# WHAT TO WORK ON:
In the data below, one line contains "x = odd_qfact_inf" and a later one contains "by (auto intro!: derivative_eq_intros". Print both, with every line between them, exactly and alone.

# DATA FOR THIS EXERCISE:
lemma filterlim_nat_add_int: "filterlim (\<lambda>N. nat (int N + j)) sequentially sequentially"
  unfolding filterlim_at_top eventually_sequentially
proof
  fix Z :: nat
  show "\<exists>N. \<forall>n\<ge>N. Z \<le> nat (int n + j)"
    by (rule exI[of _ "Z + nat \<bar>j\<bar>"]) auto
qed

lemma qbinom_central_tendsto:
  assumes x: "0 < x" "x < 1"
  shows "(\<lambda>N. qbinom x (2 * N) (nat (int N + n))) \<longlonglongrightarrow> 1 / qfact_inf x"
proof -
  let ?Q = "qfact_inf x"
  have "(\<lambda>N. qfact x (2 * N) / (qfact x (nat (int N + n)) * qfact x (nat (int N + - n)))) \<longlonglongrightarrow> ?Q / (?Q * ?Q)"
    using qfact_inf_pos[of x]
    by (intro tendsto_intros filterlim_compose[OF qfact_tendsto[OF x]] filterlim_nat_add_int
        filterlim_subseq) (simp_all add: strict_mono_def)
  moreover have "\<forall>\<^sub>F N in sequentially. qfact x (2 * N) / (qfact x (nat (int N + n)) * qfact x (nat (int N + - n)))
      = qbinom x (2 * N) (nat (int N + n))"
    unfolding eventually_sequentially
  proof (intro exI[of _ "nat \<bar>n\<bar>"] allI impI)
    fix N assume "nat \<bar>n\<bar> \<le> N"
    then have "nat (int N + n) \<le> 2 * N" "2 * N - nat (int N + n) = nat (int N + - n)" by auto
    then show "qfact x (2 * N) / (qfact x (nat (int N + n)) * qfact x (nat (int N + - n)))
        = qbinom x (2 * N) (nat (int N + n))"
      unfolding qbinom_def by simp
  qed
  ultimately show ?thesis using qfact_inf_pos[of x] by (auto intro: Lim_transform_eventually)
qed

lemma abs_theta4_term_le:
  assumes x: "0 < x" "x < 1"
  shows "\<bar>theta4_term x n\<bar> \<le> sqrt x ^ int_encode n"
proof -
  have sq: "nat (n\<^sup>2) = nat \<bar>n\<bar> ^ 2"
    using nat_power_eq[of "\<bar>n\<bar>" 2] by simp
  have "int_encode n \<le> 2 * nat \<bar>n\<bar>"
    unfolding int_encode_def sum_encode_def by (cases "0 \<le> n") simp_all
  also have "\<dots> \<le> 2 * nat (n\<^sup>2)"
    unfolding sq by (simp add: power2_eq_square le_square)
  finally have "sqrt x ^ (2 * nat (n\<^sup>2)) \<le> sqrt x ^ int_encode n"
    using x by (intro power_decreasing) auto
  then show ?thesis
    using x by (simp add: theta4_term_def abs_mult power_abs power_mult)
qed

lemma summable_norm_theta4_term_decode:
  assumes x: "0 < x" "x < 1"
  shows "summable (\<lambda>k. norm (theta4_term x (int_decode k)))"
proof (rule summable_comparison_test')
  show "summable (\<lambda>k. sqrt x ^ k)" using x by (intro summable_geometric) simp
  show "norm (norm (theta4_term x (int_decode k))) \<le> sqrt x ^ k" for k
    using abs_theta4_term_le[OF x, of "int_decode k"] by simp
qed

lemma sum_int_interval_eq_suminf_decode:
  fixes f :: "int \<Rightarrow> real"
  shows "(\<Sum>n = - int N..int N. f n) = (\<Sum>k. if \<bar>int_decode k\<bar> \<le> int N then f (int_decode k) else 0)"
proof -
  let ?g = "\<lambda>k. if \<bar>int_decode k\<bar> \<le> int N then f (int_decode k) else 0"
  have "(\<Sum>k. ?g k) = sum ?g (int_encode ` {- int N..int N})"
  proof (rule suminf_finite)
    fix k assume "k \<notin> int_encode ` {- int N..int N}"
    then have "int_decode k \<notin> {- int N..int N}"
      by (metis image_eqI int_decode_inverse)
    then show "?g k = 0" by auto
  qed simp
  also have "\<dots> = (\<Sum>n = - int N..int N. f n)"
    by (subst sum.reindex[OF inj_on_subset[OF inj_int_encode subset_UNIV]]) (auto intro!: sum.cong)
  finally show ?thesis ..
qed

text \<open>\<open>int_decode\<close> enumerates \<open>\<int>\<close> so that Tannery's theorem for \<open>nat\<close>-indexed series applies;
  the coefficients \<open>qbinom x (2 * N) (N + n)\<close> are uniformly bounded by \<open>1 / qfact_inf x ^ 2\<close>.\<close>

lemma odd_qfact_square_tendsto_suminf:
  assumes x: "0 < x" "x < 1"
  shows "(\<lambda>N. odd_qfact x N ^ 2) \<longlonglongrightarrow> (\<Sum>k. theta4_term x (int_decode k)) / qfact_inf x"
proof -
  define Q where "Q = qfact_inf x"
  have Q: "0 < Q" unfolding Q_def by (rule qfact_inf_pos)
  define a where "a k N = (if \<bar>int_decode k\<bar> \<le> int N
    then theta4_term x (int_decode k) * qbinom x (2 * N) (nat (int N + int_decode k)) else 0)" for k N
  have lim: "(\<lambda>N. a k N) \<longlonglongrightarrow> theta4_term x (int_decode k) * (1 / Q)" for k
  proof -
    have "(\<lambda>N. theta4_term x (int_decode k) * qbinom x (2 * N) (nat (int N + int_decode k)))
        \<longlonglongrightarrow> theta4_term x (int_decode k) * (1 / Q)"
      unfolding Q_def by (intro tendsto_mult tendsto_const qbinom_central_tendsto x)
    moreover have "\<forall>\<^sub>F N in sequentially. theta4_term x (int_decode k) * qbinom x (2 * N) (nat (int N + int_decode k)) = a k N"
      unfolding eventually_sequentially a_def by (intro exI[of _ "nat \<bar>int_decode k\<bar>"]) auto
    ultimately show ?thesis by (rule Lim_transform_eventually)
  qed
  have bound: "norm (a k N) \<le> sqrt x ^ k * (1 / Q\<^sup>2)" for k N
  proof -
    have "\<bar>theta4_term x (int_decode k)\<bar> * \<bar>qbinom x (2 * N) (nat (int N + int_decode k))\<bar> \<le> sqrt x ^ k * (1 / Q\<^sup>2)"
      unfolding Q_def using abs_theta4_term_le[OF x, of "int_decode k"] qbinom_bounds[OF x]
      by (intro mult_mono) auto
    then show ?thesis using Q x by (auto simp: a_def abs_mult)
  qed
  have "summable (\<lambda>k. sqrt x ^ k * (1 / Q\<^sup>2))"
    using x by (intro summable_mult2 summable_geometric) simp
  moreover have "\<forall>\<^sub>F (k, N) in at_top \<times>\<^sub>F sequentially. norm (a k N) \<le> sqrt x ^ k * (1 / Q\<^sup>2)"
    by (intro always_eventually allI) (simp only: split_beta bound)
  ultimately have "(\<lambda>N. \<Sum>k. a k N) \<longlonglongrightarrow> (\<Sum>k. theta4_term x (int_decode k) * (1 / Q))"
    using tannerys_theorem[OF lim] by simp
  moreover have "(\<Sum>k. a k N) = odd_qfact x N ^ 2" for N
    unfolding a_def odd_qfact_square_eq_sum[OF x] sum_int_interval_eq_suminf_decode by simp
  ultimately show ?thesis
    using suminf_divide[OF summable_norm_cancel[OF summable_norm_theta4_term_decode[OF x]], of Q]
    unfolding Q_def by simp
qed

lemma suminf_theta4_term_decode:
  assumes x: "0 < x" "x < 1"
  shows "(\<Sum>k. theta4_term x (int_decode k)) = qfact_inf x * odd_qfact_inf x ^ 2"
proof -
  have "(\<lambda>N. odd_qfact x N ^ 2) \<longlonglongrightarrow> odd_qfact_inf x ^ 2"
    by (intro tendsto_power odd_qfact_tendsto x)
  with odd_qfact_square_tendsto_suminf[OF x]
  have "(\<Sum>k. theta4_term x (int_decode k)) / qfact_inf x = odd_qfact_inf x ^ 2"
    by (rule LIMSEQ_unique)
  then have "(\<Sum>k. theta4_term x (int_decode k)) = odd_qfact_inf x ^ 2 * qfact_inf x"
    using qfact_inf_pos[of x] by (simp add: divide_eq_eq)
  then show ?thesis by (simp only: mult.commute)
qed

theorem has_sum_theta4_term:
  assumes x: "0 < x" "x < 1"
  shows "(theta4_term x has_sum qfact_inf x * odd_qfact_inf x ^ 2) UNIV"
proof -
  have "(\<lambda>k. theta4_term x (int_decode k)) sums (qfact_inf x * odd_qfact_inf x ^ 2)"
    using summable_norm_cancel[OF summable_norm_theta4_term_decode[OF x]] suminf_theta4_term_decode[OF x]
    by (simp add: sums_iff)
  from norm_summable_imp_has_sum[OF summable_norm_theta4_term_decode[OF x] this]
  have "((theta4_term x \<circ> int_decode) has_sum qfact_inf x * odd_qfact_inf x ^ 2) UNIV"
    by (simp add: comp_def)
  then have "(theta4_term x has_sum qfact_inf x * odd_qfact_inf x ^ 2) (range int_decode)"
    by (subst has_sum_reindex) (simp_all add: inj_int_decode)
  then show ?thesis
    by (simp only: surj_int_decode)
qed

definition bernoulli_gf :: "real \<Rightarrow> real" where
  "bernoulli_gf y = y / (exp y - 1)"

lemma bernoulli_gf_pos: "0 < y \<Longrightarrow> 0 < bernoulli_gf y"
  by (simp add: bernoulli_gf_def)

lemma bernoulli_gf_strict_antimono: "strict_antimono_on {0<..} bernoulli_gf"
proof (rule monotone_onI)
  fix a b :: real assume "a \<in> {0<..}" "b \<in> {0<..}" "a < b"
  show "bernoulli_gf a > bernoulli_gf b"
  proof (rule DERIV_neg_imp_decreasing[OF \<open>a < b\<close>])
    fix y assume "a \<le> y" "y \<le> b"
    with \<open>a \<in> {0<..}\<close> have "0 < y" by simp
    have "(bernoulli_gf has_real_derivative ((exp y - 1) - y * exp y) / (exp y - 1)\<^sup>2) (at y)"
      unfolding bernoulli_gf_def[abs_def] using \<open>0 < y\<close>
      by (auto intro!: derivative_eq_intros simp: power2_eq_square)
    moreover have "(exp y - 1) - y * exp y < 0"
      using exp_minus_greater[of y] \<open>0 < y\<close> by (simp add: exp_minus field_simps)
    ultimately show "\<exists>d. (bernoulli_gf has_real_derivative d) (at y) \<and> d < 0"
      using \<open>0 < y\<close> by (intro exI conjI) (auto simp: divide_neg_pos)
  qed
qed

lemma bernoulli_gf_antimono: "0 < a \<Longrightarrow> a \<le> b \<Longrightarrow> bernoulli_gf b \<le> bernoulli_gf a"
  using monotone_onD[OF bernoulli_gf_strict_antimono, of a b] by (cases "a = b") auto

# ANSWER BOX:
  have "(\<Sum>k. theta4_term x (int_decode k)) / qfact_inf x = odd_qfact_inf x ^ 2"
    by (rule LIMSEQ_unique)
  then have "(\<Sum>k. theta4_term x (int_decode k)) = odd_qfact_inf x ^ 2 * qfact_inf x"
    using qfact_inf_pos[of x] by (simp add: divide_eq_eq)
  then show ?thesis by (simp only: mult.commute)
qed

theorem has_sum_theta4_term:
  assumes x: "0 < x" "x < 1"
  shows "(theta4_term x has_sum qfact_inf x * odd_qfact_inf x ^ 2) UNIV"
proof -
  have "(\<lambda>k. theta4_term x (int_decode k)) sums (qfact_inf x * odd_qfact_inf x ^ 2)"
    using summable_norm_cancel[OF summable_norm_theta4_term_decode[OF x]] suminf_theta4_term_decode[OF x]
    by (simp add: sums_iff)
  from norm_summable_imp_has_sum[OF summable_norm_theta4_term_decode[OF x] this]
  have "((theta4_term x \<circ> int_decode) has_sum qfact_inf x * odd_qfact_inf x ^ 2) UNIV"
    by (simp add: comp_def)
  then have "(theta4_term x has_sum qfact_inf x * odd_qfact_inf x ^ 2) (range int_decode)"
    by (subst has_sum_reindex) (simp_all add: inj_int_decode)
  then show ?thesis
    by (simp only: surj_int_decode)
qed

definition bernoulli_gf :: "real \<Rightarrow> real" where
  "bernoulli_gf y = y / (exp y - 1)"

lemma bernoulli_gf_pos: "0 < y \<Longrightarrow> 0 < bernoulli_gf y"
  by (simp add: bernoulli_gf_def)

lemma bernoulli_gf_strict_antimono: "strict_antimono_on {0<..} bernoulli_gf"
proof (rule monotone_onI)
  fix a b :: real assume "a \<in> {0<..}" "b \<in> {0<..}" "a < b"
  show "bernoulli_gf a > bernoulli_gf b"
  proof (rule DERIV_neg_imp_decreasing[OF \<open>a < b\<close>])
    fix y assume "a \<le> y" "y \<le> b"
    with \<open>a \<in> {0<..}\<close> have "0 < y" by simp
    have "(bernoulli_gf has_real_derivative ((exp y - 1) - y * exp y) / (exp y - 1)\<^sup>2) (at y)"
      unfolding bernoulli_gf_def[abs_def] using \<open>0 < y\<close>
      by (auto intro!: derivative_eq_intros simp: power2_eq_square)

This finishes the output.